What is tetralogy of Fallot?

Tetralogy of Fallot is a fairly common congenital heart disease It needs an early intervention so that it does not affect the patient's life. Throughout this article we will discover what symptomatology presents, complications and treatment possibilities.

As the article correctly points out Tetralogy of Fallot in the adult patient. About a case, this disease constitutes 10% of all congenital heart diseases. Your early intervention is necessary because it can cause serious complications and affect the quality of life of patients.

The tetralogy of Fallot

The tetralogy of Fallot is characterized by infundibular stenosis of the pulmonary artery, as he points out Tetralogy of Fallot: a case report and review of the literature. This is: the muscle that is below the valve is thicker and causes narrowing at the outlet of the right ventricle.

Likewise, this congenital heart disease can also present an aortic thrust. This means that the aorta rests on the interventricular communication and prevents its proper functioning.

Equally, another characteristic of the tetralogy of Fallot is that may manifest hypertrophy of the right ventricle. The cardiac muscle increases its thickness and this causes that it has to strain more when contracting due to the narrowing of the exit of the ventricle.

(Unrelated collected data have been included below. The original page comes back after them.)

(* Let $k$ be an ordered blueprint and $B$ an ordered blue $k$-algebra, and let $v_0:\mathbb F_1\to\mathbb B$ be the trivial valuation. Then there is a canonical isomorphism of semirings $\mathrm{An}(B,k)\simeq\mathrm{Bend}_{v_0}(B^{\mathrm{mon}}_{k\le1})^+$, and $\mathrm{An}(B,k)$ represents $\mathrm{Val}(B,k;-)$: for every idempotent semiring $S$ the map $\mathrm{Hom}(\mathrm{An}(B,k),S)\to\mathrm{Val}(B,k;S)$, $f\mapsto (a\mapsto f(\langle a\rangle))$, is a bijection natural in $S$.
   Context: Ordered blueprints: a pair of an ordered semiring $B^+$ (commutative with $0,1$, partial order compatible with $+$ and $\cdot$) and a multiplicatively closed subset $B^\bullet\ni0,1$ generating $B^+$; morphisms are order-preserving semiring homomorphisms preserving $\bullet$. Semirings are viewed as trivially ordered blueprints with $S^\bullet=S$. An ordered blue $k$-algebra is a morphism $k\to B$; write $\bar a$ for the image of $a\in k^\bullet$. $\mathbb F_1$ is the ordered blueprint with $\mathbb F_1^\bullet=\{0,1\}$, $\mathbb F_1^+=\mathbb N$, trivially ordered (initial ordered blueprint); $\mathbb B$ is the Boolean semifield $\{0,1\}$ with $1+1=1$, trivially ordered; $v_0(0)=0$, $v_0(1)=1$. $k$-spans: a $k$-span in $B$ is a subset $M\subset B^\bullet$ closed under multiplication by (images of) elements of $k^\bullet$ and containing every $b\in B^\bullet$ for which there are $a_i\in M$ with $b\le\sum a_i$ in $B^+$. $\langle a_1,\dots\rangle$ is the smallest $k$-span containing the $a_i$; a $k$-span is finitely generated if it equals $\langle a_1,\dots,a_n\rangle$ for finitely many $a_i$. $\mathrm{An}(B,k)$ is the set of finitely generated $k$-spans with $M_1+M_2=\{m: m\le m_1+m_2$ in $B^+$ for some $m_i\in M_i\}$ and $M_1\cdot M_2=\{m_1m_2: m_i\in M_i\}$; it is an idempotent semiring. A valuation $w:B\to S$ into an idempotent semiring $S$ is a multiplicative map $B^\bullet\to S$ with $w(0)=0$, $w(1)=1$ such that $a\le\sum b_j$ in $B^+$ ($a,b_j\in B^\bullet$) implies $w(a)+\sum w(b_j)=\sum w(b_j)$; it is integral on $k$ if $w(\bar a)+1=1$ for all $a\in k^\bullet$. $\mathrm{Val}(B,k;S)$ is the set of such valuations. $B^{\mathrm{mon}}$ has underlying monoid $B^\bullet$ and semiring $\mathbb N[B^\bullet]$ (zero of $B^\bullet$ identified with $0$), ordered by the order generated by the relations $a\le\sum b_j$ ($a,b_j\in B^\bullet$) holding in $B^+$. $B^{\mathrm{mon}}_{k\le1}$ is $B^{\mathrm{mon}}$ with the additional relations $\bar a\le 1$ for all $a\in k^\bullet$ imposed. For an ordered blueprint $C$, $\mathrm{Bend}_{v_0}(C)$ is the ordered blue $\mathbb B$-algebra with underlying monoid $C^\bullet$ whose semiring $\mathrm{Bend}_{v_0}(C)^+$ is the quotient of $\mathbb B[C^\bullet]^+$ (zero identified) by the congruence generated by $a+\sum b_j=\sum b_j$ for all relations $a\le\sum b_j$ in $C^+$ with $a,b_j\in C^\bullet$. *)

theory Defs
  imports "HOL-Library.Multiset" "HOL-Library.FuncSet"
begin

record 'a srng =
  car :: "'a set"
  add :: "'a \<Rightarrow> 'a \<Rightarrow> 'a"
  mul :: "'a \<Rightarrow> 'a \<Rightarrow> 'a"
  zer :: 'a
  one :: 'a

definition comm_srng :: "('a, 'm) srng_scheme \<Rightarrow> bool" where
  "comm_srng R \<longleftrightarrow>
     zer R \<in> car R \<and> one R \<in> car R \<and>
     (\<forall>x\<in>car R. \<forall>y\<in>car R. add R x y \<in> car R \<and> mul R x y \<in> car R) \<and>
     (\<forall>x\<in>car R. \<forall>y\<in>car R. \<forall>z\<in>car R.
        add R (add R x y) z = add R x (add R y z) \<and>
        mul R (mul R x y) z = mul R x (mul R y z) \<and>
        mul R x (add R y z) = add R (mul R x y) (mul R x z)) \<and>
     (\<forall>x\<in>car R. \<forall>y\<in>car R. add R x y = add R y x \<and> mul R x y = mul R y x) \<and>
     (\<forall>x\<in>car R. add R (zer R) x = x \<and> mul R (one R) x = x \<and> mul R (zer R) x = zer R)"

definition sumlist :: "('a, 'm) srng_scheme \<Rightarrow> 'a list \<Rightarrow> 'a" where
  "sumlist R xs = foldr (add R) xs (zer R)"

definition idem_srng :: "('a, 'm) srng_scheme \<Rightarrow> bool" where
  "idem_srng S \<longleftrightarrow> comm_srng S \<and> add S (one S) (one S) = one S"

definition srng_hom :: "('a, 'm) srng_scheme \<Rightarrow> ('b, 'n) srng_scheme \<Rightarrow> ('a \<Rightarrow> 'b) \<Rightarrow> bool" where
  "srng_hom R S f \<longleftrightarrow>
     (\<forall>x\<in>car R. f x \<in> car S) \<and> f (zer R) = zer S \<and> f (one R) = one S \<and>
     (\<forall>x\<in>car R. \<forall>y\<in>car R. f (add R x y) = add S (f x) (f y) \<and> f (mul R x y) = mul S (f x) (f y))"

text \<open>An ordered blueprint: ordered semiring \<open>B\<^sup>+\<close> (field \<open>le\<close> is the partial order)
  together with the multiplicative subset \<open>B\<^sup>\<bullet>\<close> (field \<open>bul\<close>).\<close>
record 'a obp = "'a srng" +
  le  :: "'a \<Rightarrow> 'a \<Rightarrow> bool"
  bul :: "'a set"

definition ordered_blueprint :: "('a, 'm) obp_scheme \<Rightarrow> bool" where
  "ordered_blueprint B \<longleftrightarrow>
     comm_srng B \<and>
     (\<forall>x\<in>car B. le B x x) \<and>
     (\<forall>x\<in>car B. \<forall>y\<in>car B. le B x y \<and> le B y x \<longrightarrow> x = y) \<and>
     (\<forall>x\<in>car B. \<forall>y\<in>car B. \<forall>z\<in>car B. le B x y \<and> le B y z \<longrightarrow> le B x z) \<and>
     (\<forall>x y. le B x y \<longrightarrow> x \<in> car B \<and> y \<in> car B) \<and>
     (\<forall>x\<in>car B. \<forall>y\<in>car B. \<forall>z\<in>car B. le B x y \<longrightarrow>
        le B (add B x z) (add B y z) \<and> le B (mul B x z) (mul B y z)) \<and>
     bul B \<subseteq> car B \<and> zer B \<in> bul B \<and> one B \<in> bul B \<and>
     (\<forall>x\<in>bul B. \<forall>y\<in>bul B. mul B x y \<in> bul B) \<and>
     (\<forall>x\<in>car B. \<exists>xs. set xs \<subseteq> bul B \<and> x = sumlist B xs)"

definition obp_hom :: "('a, 'm) obp_scheme \<Rightarrow> ('b, 'n) obp_scheme \<Rightarrow> ('a \<Rightarrow> 'b) \<Rightarrow> bool" where
  "obp_hom k B f \<longleftrightarrow> srng_hom k B f \<and>
     (\<forall>x y. le k x y \<longrightarrow> le B (f x) (f y)) \<and> f ` bul k \<subseteq> bul B"

text \<open>Here \<open>\<alpha> : k \<rightarrow> B\<close> is the structure morphism; \<open>\<alpha> a\<close> is \<open>a\<close> bar.\<close>
definition kspan :: "('b, 'm) obp_scheme \<Rightarrow> ('k, 'n) obp_scheme \<Rightarrow> ('k \<Rightarrow> 'b) \<Rightarrow> 'b set \<Rightarrow> bool" where
  "kspan B k \<alpha> M \<longleftrightarrow> M \<subseteq> bul B \<and>
     (\<forall>a\<in>bul k. \<forall>m\<in>M. mul B (\<alpha> a) m \<in> M) \<and>
     (\<forall>b\<in>bul B. \<forall>as. set as \<subseteq> M \<and> le B b (sumlist B as) \<longrightarrow> b \<in> M)"

definition span :: "('b, 'm) obp_scheme \<Rightarrow> ('k, 'n) obp_scheme \<Rightarrow> ('k \<Rightarrow> 'b) \<Rightarrow> 'b set \<Rightarrow> 'b set" where
  "span B k \<alpha> A = \<Inter> {M. kspan B k \<alpha> M \<and> A \<subseteq> M}"

definition An :: "('b, 'm) obp_scheme \<Rightarrow> ('k, 'n) obp_scheme \<Rightarrow> ('k \<Rightarrow> 'b) \<Rightarrow> 'b set set" where
  "An B k \<alpha> = {M. \<exists>as. set as \<subseteq> bul B \<and> M = span B k \<alpha> (set as)}"

definition An_add :: "('b, 'm) obp_scheme \<Rightarrow> 'b set \<Rightarrow> 'b set \<Rightarrow> 'b set" where
  "An_add B M1 M2 = {m \<in> bul B. \<exists>xs ys. set xs \<subseteq> M1 \<and> set ys \<subseteq> M2 \<and>
       le B m (add B (sumlist B xs) (sumlist B ys))}"

definition An_mul :: "('b, 'm) obp_scheme \<Rightarrow> 'b set \<Rightarrow> 'b set \<Rightarrow> 'b set" where
  "An_mul B M1 M2 = {m \<in> bul B. \<exists>ps. set ps \<subseteq> M1 \<times> M2 \<and>
       le B m (sumlist B (map (\<lambda>(x, y). mul B x y) ps))}"

definition An_srng :: "('b, 'm) obp_scheme \<Rightarrow> ('k, 'n) obp_scheme \<Rightarrow> ('k \<Rightarrow> 'b) \<Rightarrow> 'b set srng" where
  "An_srng B k \<alpha> = \<lparr> car = An B k \<alpha>, add = An_add B, mul = An_mul B,
      zer = span B k \<alpha> {}, one = span B k \<alpha> {one B} \<rparr>"

definition Val :: "('b, 'm) obp_scheme \<Rightarrow> ('k, 'n) obp_scheme \<Rightarrow> ('k \<Rightarrow> 'b) \<Rightarrow> ('s, 'p) srng_scheme
                   \<Rightarrow> ('b \<Rightarrow> 's) set" where
  "Val B k \<alpha> S = {w. w \<in> extensional (bul B) \<and>
      (\<forall>a\<in>bul B. w a \<in> car S) \<and>
      w (zer B) = zer S \<and> w (one B) = one S \<and>
      (\<forall>a\<in>bul B. \<forall>b\<in>bul B. w (mul B a b) = mul S (w a) (w b)) \<and>
      (\<forall>a bs. a \<in> bul B \<longrightarrow> set bs \<subseteq> bul B \<longrightarrow> le B a (sumlist B bs) \<longrightarrow>
          add S (w a) (sumlist S (map w bs)) = sumlist S (map w bs)) \<and>
      (\<forall>c\<in>bul k. add S (w (\<alpha> c)) (one S) = one S)}"

definition An_Hom :: "('b, 'm) obp_scheme \<Rightarrow> ('k, 'n) obp_scheme \<Rightarrow> ('k \<Rightarrow> 'b) \<Rightarrow> ('s, 'p) srng_scheme
                     \<Rightarrow> ('b set \<Rightarrow> 's) set" where
  "An_Hom B k \<alpha> S = {f. f \<in> extensional (An B k \<alpha>) \<and> srng_hom (An_srng B k \<alpha>) S f}"

definition val_of_hom :: "('b, 'm) obp_scheme \<Rightarrow> ('k, 'n) obp_scheme \<Rightarrow> ('k \<Rightarrow> 'b)
                         \<Rightarrow> ('b set \<Rightarrow> 's) \<Rightarrow> ('b \<Rightarrow> 's)" where
  "val_of_hom B k \<alpha> f = restrict (\<lambda>a. f (span B k \<alpha> {a})) (bul B)"

text \<open>Elements of \<open>\<nat>[B\<^sup>\<bullet>]\<close> (with the zero of \<open>B\<^sup>\<bullet>\<close> identified with 0) are
  multisets over \<open>B\<^sup>\<bullet> - {0}\<close>.\<close>
definition memb :: "('b, 'm) obp_scheme \<Rightarrow> 'b \<Rightarrow> 'b multiset" where
  "memb B a = (if a = zer B then {#} else {#a#})"

definition mmul :: "('b, 'm) obp_scheme \<Rightarrow> 'b multiset \<Rightarrow> 'b multiset \<Rightarrow> 'b multiset" where
  "mmul B X Y = filter_mset (\<lambda>c. c \<noteq> zer B)
      (sum_mset (image_mset (\<lambda>x. image_mset (mul B x) Y) X))"

text \<open>The order on \<open>(B\<^sup>mon_{k\<le>1})\<^sup>+\<close>: the smallest preorder on \<open>\<nat>[B\<^sup>\<bullet>]\<close> compatible
  with addition and multiplication containing the relations \<open>a \<le> \<Sum> b_j\<close> of \<open>B\<^sup>+\<close>
  and \<open>a\<close>-bar \<open>\<le> 1\<close> for \<open>a \<in> k\<^sup>\<bullet>\<close>.\<close>
inductive mon_le :: "('b, 'm) obp_scheme \<Rightarrow> ('k, 'n) obp_scheme \<Rightarrow> ('k \<Rightarrow> 'b)
                     \<Rightarrow> 'b multiset \<Rightarrow> 'b multiset \<Rightarrow> bool"
  for B k \<alpha> where
  gen: "a \<in> bul B \<Longrightarrow> set bs \<subseteq> bul B \<Longrightarrow> le B a (sumlist B bs) \<Longrightarrow>
          mon_le B k \<alpha> (memb B a) (sum_list (map (memb B) bs))"
| kle: "c \<in> bul k \<Longrightarrow> mon_le B k \<alpha> (memb B (\<alpha> c)) (memb B (one B))"
| refl: "set_mset X \<subseteq> bul B - {zer B} \<Longrightarrow> mon_le B k \<alpha> X X"
| trans: "mon_le B k \<alpha> X Y \<Longrightarrow> mon_le B k \<alpha> Y Z \<Longrightarrow> mon_le B k \<alpha> X Z"
| addc: "mon_le B k \<alpha> X Y \<Longrightarrow> set_mset Z \<subseteq> bul B - {zer B} \<Longrightarrow>
          mon_le B k \<alpha> (X + Z) (Y + Z)"
| mulc: "mon_le B k \<alpha> X Y \<Longrightarrow> set_mset Z \<subseteq> bul B - {zer B} \<Longrightarrow>
          mon_le B k \<alpha> (mmul B X Z) (mmul B Y Z)"

text \<open>Elements of \<open>\<bool>[C\<^sup>\<bullet>]\<close> (zero identified with 0) are finite subsets of
  \<open>C\<^sup>\<bullet> - {0}\<close>, with union as addition.\<close>
definition bfin :: "('b, 'm) obp_scheme \<Rightarrow> 'b set set" where
  "bfin B = {X. finite X \<and> X \<subseteq> bul B - {zer B}}"

definition semb :: "('b, 'm) obp_scheme \<Rightarrow> 'b \<Rightarrow> 'b set" where
  "semb B a = (if a = zer B then {} else {a})"

definition smul :: "('b, 'm) obp_scheme \<Rightarrow> 'b set \<Rightarrow> 'b set \<Rightarrow> 'b set" where
  "smul B X Y = {mul B x y | x y. x \<in> X \<and> y \<in> Y} - {zer B}"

The reason why the tetralogy of Fallot should be surgically intervened as soon as possible is because his symptoms are serious. In fact, we will see some points that will allow us to know a little better how it affects the quality of life of younger patients:

  • Cyanosis: the skin and mucous membranes have a bluish color that indicates that there is a deficient oxygenation of the blood. They can appear on the face, hands or any other part of the body, and also in the mouth (perioral cyanosis).
  • Diaphoresis: sweating that occurs when the baby is breastfed, because it takes a lot of effort and breathing (dyspnea).
  • Acrocyanosis: the fingers and toes are characterized by being cold most of the time. They present cyanosis and diaphoresis.

Children may also have a heart murmur. Also, the delay in its development, the presence of fatigue before the minimum performance of physical exercise and, even, fainting can alert of the presence of this congenital heart disease.

Maybe you're interested: Classification of heart murmurs


It is necessary to raise awareness about the importance of treating tetralogy of Fallot as soon as possible. In fact, all children with this heart disease should undergo corrective surgery.

Without treatment, this heart disease can lead to death at an early age. Likewise, it can also cause disabilities in adulthood. Also, the failure to treat this congenital heart disease can lead to infections. For example, the inflammation of a heart valve due to a bacterial infection.

Read also: Detection of congenital anomalies in the newborn

Living with tetralogy of Fallot

A person who undergoes surgery early to treat tetralogy of Fallot can lead a normal life. But nevertheless, it is necessary that a medical follow-up be done throughout the whole life due to certain risks.

People who have been treated for this congenital heart disease they are at risk of sudden death from the age of 35, although its percentage is very low. Also, arrhythmias may increase over the years.

Pregnant women with this pathology must undergo certain tests to assess how they are health, the arrhythmias they have and the measures they must take (absolute rest, no harmful habits such as smoking, healthy weight …).

As we have seen, being born with tetralogy of Fallot can condition the rest of our life. However, with an early corrective surgery and a medical follow-up, you can have a completely normal quality of life.

We hope that this article has allowed you to know a type of heart disease that you may not have heard about until now. This will help you take the necessary measures if someone in your environment comes to suffer at some point.